◆ Work instructions:
Pick out each line of the records in which the word "gives" appears.

____ Entries shown

lemma polyfun2_deriv_snd:
  assumes "polyfun2 F"
  obtains G where "polyfun2 G" and "\<And>z w. ((\<lambda>w'. F z w') has_field_derivative G z w) (at w)"
proof -
  have "\<exists>G. polyfun2 G \<and> (\<forall>z w. ((\<lambda>w'. F z w') has_field_derivative G z w) (at w))"
    using assms
  proof induction
    case (const c)
    show ?case by (intro exI[of _ "\<lambda>z w. 0"]) (auto intro: polyfun2.intros)
  next
    case fst_var
    show ?case by (intro exI[of _ "\<lambda>z w. 0"]) (auto intro: polyfun2.intros)
  next
    case snd_var
    show ?case by (intro exI[of _ "\<lambda>z w. 1"]) (auto intro: polyfun2.intros)
  next
    case (add F G)
    then obtain F' G' where "polyfun2 F'" "polyfun2 G'"
      "\<forall>z w. ((\<lambda>w'. F z w') has_field_derivative F' z w) (at w)"
      "\<forall>z w. ((\<lambda>w'. G z w') has_field_derivative G' z w) (at w)" by blast
    then show ?case
      by (intro exI[of _ "\<lambda>z w. F' z w + G' z w"]) (auto intro: polyfun2.intros derivative_intros)
  next
    case (mult F G)
    then obtain F' G' where d: "polyfun2 F'" "polyfun2 G'"
      "\<forall>z w. ((\<lambda>w'. F z w') has_field_derivative F' z w) (at w)"
      "\<forall>z w. ((\<lambda>w'. G z w') has_field_derivative G' z w) (at w)" by blast
    have "((\<lambda>w'. F z w' * G z w') has_field_derivative F z w * G' z w + F' z w * G z w) (at w)" for z w
      using DERIV_mult[OF d(3)[rule_format] d(4)[rule_format]] by (simp add: algebra_simps)
    moreover have "polyfun2 (\<lambda>z w. F z w * G' z w + F' z w * G z w)"
      by (intro polyfun2.intros d mult.hyps)
    ultimately show ?case by blast
  qed
  then show ?thesis using that by blast
qed

definition diag_divisible :: "nat \<Rightarrow> (complex \<Rightarrow> complex \<Rightarrow> complex) \<Rightarrow> bool" where
  "diag_divisible r F \<longleftrightarrow> (\<exists>G. polyfun2 G \<and> (\<forall>z w. F z w = (z - w) ^ r * G z w))"

lemma diag_divisible_swap:
  assumes "diag_divisible r F"
  shows "diag_divisible r (\<lambda>z w. F w z)"
proof -
  obtain G where G: "polyfun2 G" "\<And>z w. F z w = (z - w) ^ r * G z w"
    using assms diag_divisible_def by blast
  have "F w z = (z - w) ^ r * ((-1) ^ r * G w z)" for z w
    using power_minus[of "z - w" r] by (simp add: G(2))
  moreover have "polyfun2 (\<lambda>z w. (-1) ^ r * G w z)"
    by (intro polyfun2.mult polyfun2.const) (rule polyfun2_swap[OF G(1)])
  ultimately show ?thesis unfolding diag_divisible_def by blast
qed

lemma diag_divisible_deriv_snd:
  assumes "diag_divisible (Suc r) F"
  shows "diag_divisible r (\<lambda>z w. deriv (\<lambda>w'. F z w') w)"
proof -
  obtain G where G: "polyfun2 G" "\<And>z w. F z w = (z - w) ^ Suc r * G z w"
    using assms diag_divisible_def by blast
  obtain G' where G': "polyfun2 G'" "\<And>z w. ((\<lambda>w'. G z w') has_field_derivative G' z w) (at w)"
    using polyfun2_deriv_snd[OF G(1)] by blast
  have "deriv (\<lambda>w'. F z w') w = (z - w) ^ r * (- of_nat (Suc r) * G z w + (z - w) * G' z w)" for z w
  proof -
    have "((\<lambda>w'. (z - w') ^ Suc r * G z w') has_field_derivative
        (of_nat (Suc r) * (z - w) ^ r * (-1)) * G z w + (z - w) ^ Suc r * G' z w) (at w)"
      by (rule derivative_eq_intros refl G'(2))+ simp
    then show ?thesis
      by (intro DERIV_imp_deriv) (simp add: G(2) algebra_simps)
  qed
  moreover have "polyfun2 (\<lambda>z w. - of_nat (Suc r) * G z w + (z - w) * G' z w)"
    by (intro polyfun2.intros G G' polyfun2_diff_vars)
  ultimately show ?thesis unfolding diag_divisible_def by blast
qed

lemma diag_divisible_higher_deriv_snd:
  "diag_divisible (r + n) F \<Longrightarrow> diag_divisible r (\<lambda>z w. (deriv ^^ n) (\<lambda>w'. F z w') w)"
proof (induction n arbitrary: r)
  case 0
  then show ?case by simp
next
  case (Suc n)
  have "diag_divisible (Suc r) (\<lambda>z w. (deriv ^^ n) (\<lambda>w'. F z w') w)"
    using Suc.IH[of "Suc r"] Suc.prems by simp
  from diag_divisible_deriv_snd[OF this] show ?case by simp
qed

lemma diag_divisible_higher_deriv_fst:
  assumes "diag_divisible (r + n) F"
  shows "diag_divisible r (\<lambda>z w. (deriv ^^ n) (\<lambda>z'. F z' w) z)"
proof -
  have "diag_divisible r (\<lambda>z w. (deriv ^^ n) (\<lambda>w'. F w' z) w)"
    by (rule diag_divisible_higher_deriv_snd) (rule diag_divisible_swap[OF assms])
  from diag_divisible_swap[OF this] show ?thesis .
qed

lemma diag_divisible_pder_eq_0:
  assumes "diag_divisible k F" and "m + n < k"
  shows "pder m n F z z = 0"
proof -
  have "diag_divisible ((k - n - m) + m) (\<lambda>z w. (deriv ^^ n) (\<lambda>w'. F z w') w)"
    using diag_divisible_higher_deriv_snd[of "k - n" n F] assms by simp
  from diag_divisible_higher_deriv_fst[OF this] obtain G where
    "\<And>z w. (deriv ^^ m) (\<lambda>z'. (deriv ^^ n) (\<lambda>w'. F z' w') w) z = (z - w) ^ (k - n - m) * G z w"
    unfolding diag_divisible_def by blast
  then show ?thesis using assms(2) by (simp add: pder_def)
qed

section \<open>Power series\<close>

lemma geometric_norm_summable:
  fixes f :: "nat \<Rightarrow> 'a::real_normed_vector"
  assumes "0 \<le> r" "r < 1" and "\<And>n. norm (f n) \<le> C * r ^ n"
  shows "summable (\<lambda>n. norm (f n))"
  by (rule summable_comparison_test[where g="\<lambda>n. C * r ^ n"])
     (use assms in \<open>auto intro!: summable_mult summable_geometric\<close>)
(* Let $f$ satisfy the standing assumptions below, and for $\xi,u_1\in(0,1)$ let $$F_0(\xi,u_1)=\frac{1}{2\sqrt2}\int_{-1}^{1}\frac{f'\!\left(\frac{1+\mu}{2}\xi+\frac{1-\mu}{2}u_1\right)}{\sqrt{1-\mu}}\,d\mu,\qquad U_0(\xi,u_1)=\frac43\xi+\frac23u_1 .$$ Then, for $u_1$ sufficiently close to $1$, the function $\xi\mapsto -F_0(\xi,u_1)/U_0(\xi,u_1)$ on $(0,1)$ (whose minimum over $0<\xi<1$ is considered) has one and only one critical point in $(0,1)$. Furthermore, this critical point tends to $1/4$ as $u_1\to1$.
   Context: Standing assumptions: $f:(0,1)\to\mathbb{R}$ is the inverse of a smooth strictly decreasing function $u_0:\mathbb{R}\to(0,1)$ with $u_0(-\infty)=1$, $u_0(+\infty)=0$; thus $f$ is smooth with $f'<0$, $\lim_{u\to0}f(u)=+\infty$, $\lim_{u\to1}f(u)=-\infty$; moreover $f'''(u)<0$ for $u$ in a neighborhood of $0$ and in a neighborhood of $1$. *)

theory Defs
  imports "HOL-Analysis.Analysis"
begin

definition smooth_on :: "real set \<Rightarrow> (real \<Rightarrow> real) \<Rightarrow> bool" where
  "smooth_on S g \<longleftrightarrow> (\<forall>n. \<forall>x\<in>S. ((deriv ^^ n) g) differentiable (at x))"

definition F0 :: "(real \<Rightarrow> real) \<Rightarrow> real \<Rightarrow> real \<Rightarrow> real" where
  "F0 f \<xi> u1 = 1 / (2 * sqrt 2) *
     integral {-1..1} (\<lambda>\<mu>. deriv f ((1 + \<mu>) / 2 * \<xi> + (1 - \<mu>) / 2 * u1) / sqrt (1 - \<mu>))"

definition U0 :: "real \<Rightarrow> real \<Rightarrow> real" where
  "U0 \<xi> u1 = 4 / 3 * \<xi> + 2 / 3 * u1"

end

(* The substitution mu = 1 - 2 r^2 removes the singularity of F0: F0(xi,u) = I_0(xi,u), where
   I_k(xi,u) = int_0^1 (1 - r^2)^k f^(k+1)(xi + r^2 (u - xi)) dr, and differentiating under the
   integral gives d/dxi I_k = I_(k+1). Hence the derivative of -F0/U0 is -H/U0^2 with
   H = U0 I_1 - 4/3 I_0, and dH/dxi = U0 I_2 because the I_1 terms cancel.

   For u close to 1, I_2 < 0 for every xi: f''' is bounded above away from 1, and near 1, where
   f''' < 0, the integrand is dominated by the derivative in r of the second-order Taylor polynomial
   of f at xi + r^2 (u - xi), evaluated at u; this bounds I_2 by a constant plus f(u), which tends
   to -infinity. So H(., u) is strictly decreasing and has at most one zero.

   An integration by parts in r shows that H(xi,u) differs by a bounded amount from
   int_rho^1 w(r) (-f'(xi + r^2 (u - xi))) dr, where the weight w tends to 4/3 - k (1 + 1/r^2) with
   k = (4 xi + 2)/(6 (1 - xi)), while int_rho^1 -f'(...) grows like -f(u)/2. As k < 2/3 exactly when
   xi < 1/4, for suitable rho the weight is eventually positive on [rho,1] if xi < 1/4 and negative
   if xi > 1/4. Thus H(xi,u) tends to +infinity for xi < 1/4 and to -infinity for xi > 1/4, which
   traps the zero of H(., u) in any neighbourhood of 1/4. *)

theory Submission
  imports Defs
begin
text \<open>Hochschild complex: C_n(B) = B^{\<otimes>(n+1)}, with coordinates w.r.t. basis tensors
e_{w_0} \<otimes> ... \<otimes> e_{w_n} indexed by lists w of length n+1.\<close>
definition hchains :: "nat \<Rightarrow> ('i list \<Rightarrow> 'k::field) set" where
  "hchains n = {x. \<forall>w. length w \<noteq> n + 1 \<longrightarrow> x w = 0}"

text \<open>Coefficient of basis tensor v in b_n(e_w), for w of length n+1:
b(a_0\<otimes>..\<otimes>a_n) = sum_{i<n} (-1)^i a_0\<otimes>..\<otimes>a_i a_{i+1}\<otimes>..\<otimes>a_n
                 + (-1)^n a_n a_0 \<otimes> a_1 \<otimes> .. \<otimes> a_{n-1}.\<close>
definition hbd_coeff :: "('i::finite \<Rightarrow> 'i \<Rightarrow> 'i \<Rightarrow> 'k::field) \<Rightarrow> nat \<Rightarrow> 'i list \<Rightarrow> 'i list \<Rightarrow> 'k" where
  "hbd_coeff c n w v =
     (\<Sum>i<n. (-1) ^ i * (\<Sum>l\<in>UNIV. if v = take i w @ [l] @ drop (i + 2) w
                                     then c (w ! i) (w ! (i + 1)) l else 0))
   + (-1) ^ n * (\<Sum>l\<in>UNIV. if v = l # take (n - 1) (drop 1 w) then c (w ! n) (w ! 0) l else 0)"

definition hbd :: "('i::finite \<Rightarrow> 'i \<Rightarrow> 'i \<Rightarrow> 'k::field) \<Rightarrow> nat \<Rightarrow> ('i list \<Rightarrow> 'k) \<Rightarrow> ('i list \<Rightarrow> 'k)" where
  "hbd c n x = (\<lambda>v. if length v = n then
        (\<Sum>w\<in>{w. length w = n + 1}. x w * hbd_coeff c n w v) else 0)"

definition HH_nonzero :: "('i::finite \<Rightarrow> 'i \<Rightarrow> 'i \<Rightarrow> 'k::field) \<Rightarrow> nat \<Rightarrow> bool" where
  "HH_nonzero c n \<longleftrightarrow> (\<exists>z \<in> hchains n. (n = 0 \<or> hbd c n z = (\<lambda>_. 0))
        \<and> \<not> (\<exists>y \<in> hchains (Suc n). hbd c (Suc n) y = z))"

definition HHdim_infinite :: "('i::finite \<Rightarrow> 'i \<Rightarrow> 'i \<Rightarrow> 'k::field) \<Rightarrow> bool" where
  "HHdim_infinite c \<longleftrightarrow> (\<forall>N. \<exists>n\<ge>N. HH_nonzero c n)"

end

theory Submission
  imports Defs "HOL-Library.Function_Algebras" "Jordan_Normal_Form.Char_Poly"
begin

(* Since A is local and the field is algebraically closed, every basis element e_i is congruent
   to a scalar h_i modulo the maximal ideal m, and an induction on dimension gives s \<noteq> 0 with
   m s = s m = 0; hence e_i s = s e_i = h_i s. On T(A) the functional \<lambda>(a, f) = f(s) then
   satisfies \<lambda>(xy) = \<alpha>(x) \<lambda>(y) + \<lambda>(x) \<alpha>(y) for the augmentation \<alpha>(a, f) = h(a). Therefore
   the cochain x_0 \<otimes> ... \<otimes> x_n \<mapsto> \<lambda>(x_0) ... \<lambda>(x_n) vanishes on all boundaries when n is
   even: the face terms telescope and the cyclic term cancels the rest. It takes the value
   s_j^(n+1) \<noteq> 0 on the chain e_j^* \<otimes> ... \<otimes> e_j^* of length n + 1, which is a cycle
   because DA DA = 0. *)

definition fscale :: "'k::field \<Rightarrow> ('i \<Rightarrow> 'k) \<Rightarrow> 'i \<Rightarrow> 'k" where
  "fscale a f = (\<lambda>i. a * f i)"

definition basis_fun :: "'i \<Rightarrow> 'i \<Rightarrow> 'k::field" where
  "basis_fun j = (\<lambda>i. if i = j then 1 else 0)"

interpretation fun_vs: vector_space "fscale :: 'k::field \<Rightarrow> ('i \<Rightarrow> 'k) \<Rightarrow> 'i \<Rightarrow> 'k"
  by unfold_locales (auto simp: fscale_def fun_eq_iff algebra_simps)

lemma sum_fun_apply: "sum g A i = (\<Sum>j\<in>A. g j i)"
  by (induct A rule: infinite_finite_induct) auto

lemma sum_basis_fun_mult:
  fixes f :: "'i::finite \<Rightarrow> 'k::field"
  shows "(\<Sum>j\<in>UNIV. basis_fun i j * f j) = f i"
  by (simp add: basis_fun_def if_distrib[of "\<lambda>x. x * _"] cong: if_cong)

lemma basis_fun_expansion:
  fixes f :: "'i::finite \<Rightarrow> 'k::field"
  shows "(\<Sum>j\<in>UNIV. fscale (f j) (basis_fun j)) = f"
  by (simp add: fun_eq_iff sum_fun_apply fscale_def basis_fun_def if_distrib[of "\<lambda>x. _ * x"]
      cong: if_cong)

lemma inj_basis_fun: "inj (basis_fun :: 'i \<Rightarrow> 'i \<Rightarrow> 'k::field)"
proof
  fix a b :: 'i
  assume "basis_fun a = (basis_fun b :: 'i \<Rightarrow> 'k)"
  hence "basis_fun a a = (basis_fun b a :: 'k)" by simp
  thus "a = b" by (simp add: basis_fun_def split: if_splits)
qed

interpretation fun_fdvs: finite_dimensional_vector_space
  "fscale :: 'k::field \<Rightarrow> ('i::finite \<Rightarrow> 'k) \<Rightarrow> 'i \<Rightarrow> 'k" "range basis_fun"
proof unfold_locales
  show "fun_vs.independent (range (basis_fun :: 'i \<Rightarrow> 'i \<Rightarrow> 'k))"
  proof (rule fun_vs.independent_if_scalars_zero)
    fix u :: "('i \<Rightarrow> 'k) \<Rightarrow> 'k" and v :: "'i \<Rightarrow> 'k"
    assume h: "(\<Sum>v\<in>range basis_fun. fscale (u v) v) = 0" and "v \<in> range basis_fun"
    then obtain j :: 'i where v: "v = basis_fun j" by auto
    have "(\<Sum>i\<in>UNIV. fscale (u (basis_fun i)) (basis_fun i :: 'i \<Rightarrow> 'k)) = 0"
      using h by (simp add: sum.reindex inj_basis_fun)
    hence "u (basis_fun j) = 0"
      by (simp add: basis_fun_expansion[of "\<lambda>i. u (basis_fun i)", simplified] fun_eq_iff)
    thus "u v = 0" using v by simp
  qed simp
  have "f \<in> fun_vs.span (range basis_fun)" for f :: "'i \<Rightarrow> 'k"
    by (subst basis_fun_expansion[symmetric])
      (intro fun_vs.span_sum fun_vs.span_scale fun_vs.span_base; simp)
  thus "fun_vs.span (range (basis_fun :: 'i \<Rightarrow> 'i \<Rightarrow> 'k)) = UNIV" by auto
qed simp

lemma amul_add_left: "amul c (x + y) z = amul c x z + amul c y z"
  by (simp add: amul_def fun_eq_iff algebra_simps sum.distrib)

lemma amul_add_right: "amul c x (y + z) = amul c x y + amul c x z"
  by (simp add: amul_def fun_eq_iff algebra_simps sum.distrib)

lemma amul_diff_left: "amul c (x - y) z = amul c x z - amul c y z"
  by (simp add: amul_def fun_eq_iff algebra_simps sum_subtractf)

lemma amul_fscale_left: "amul c (fscale a x) y = fscale a (amul c x y)"
  by (simp add: amul_def fun_eq_iff fscale_def sum_distrib_left algebra_simps)

lemma amul_fscale_right: "amul c x (fscale a y) = fscale a (amul c x y)"
  by (simp add: amul_def fun_eq_iff fscale_def sum_distrib_left algebra_simps)

lemma amul_zero_left [simp]: "amul c 0 y = 0"
  by (simp add: amul_def fun_eq_iff)

lemma amul_zero_right [simp]: "amul c x 0 = 0"
  by (simp add: amul_def fun_eq_iff)

lemma linear_amul: "Vector_Spaces.linear fscale fscale (amul c x)"
  using fun_vs.vector_space_axioms
  by (simp add: Vector_Spaces.linear_iff amul_add_right amul_fscale_right)

lemma amul_basis_fun_left: "amul c (basis_fun i) y j = (\<Sum>m\<in>UNIV. c i m j * y m)"
proof -
  have "amul c (basis_fun i) y j = (\<Sum>a\<in>UNIV. basis_fun i a * (\<Sum>b\<in>UNIV. c a b j * y b))"
    by (simp add: amul_def sum_distrib_left mult_ac)
  thus ?thesis by (simp only: sum_basis_fun_mult)
qed

lemma amul_basis_fun_right: "amul c y (basis_fun i) j = (\<Sum>m\<in>UNIV. c m i j * y m)"
proof -
  have "amul c y (basis_fun i) j = (\<Sum>a\<in>UNIV. y a * (\<Sum>b\<in>UNIV. basis_fun i b * c a b j))"
    by (simp add: amul_def sum_distrib_left mult_ac)
  thus ?thesis by (simp add: sum_basis_fun_mult mult_ac)
qed

definition opp_alg :: "('i \<Rightarrow> 'i \<Rightarrow> 'i \<Rightarrow> 'k) \<Rightarrow> 'i \<Rightarrow> 'i \<Rightarrow> 'i \<Rightarrow> 'k" where
  "opp_alg c = (\<lambda>i j l. c j i l)"

lemma amul_opp_alg: "amul (opp_alg c) x y = amul c y x"
  unfolding amul_def opp_alg_def fun_eq_iff by (subst sum.swap) (simp add: mult_ac)

lemma is_unit_elem_opp_alg: "is_unit_elem (opp_alg c) u \<longleftrightarrow> is_unit_elem c u"
  by (auto simp: is_unit_elem_def amul_opp_alg)

lemma invertible_elem_opp_alg: "invertible_elem (opp_alg c) x \<longleftrightarrow> invertible_elem c x"
  by (auto simp: invertible_elem_def amul_opp_alg is_unit_elem_opp_alg)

________

◆ Solution for this task:
   integral gives d/dxi I_k = I_(k+1). Hence the derivative of -F0/U0 is -H/U0^2 with
   to a scalar h_i modulo the maximal ideal m, and an induction on dimension gives s \<noteq> 0 with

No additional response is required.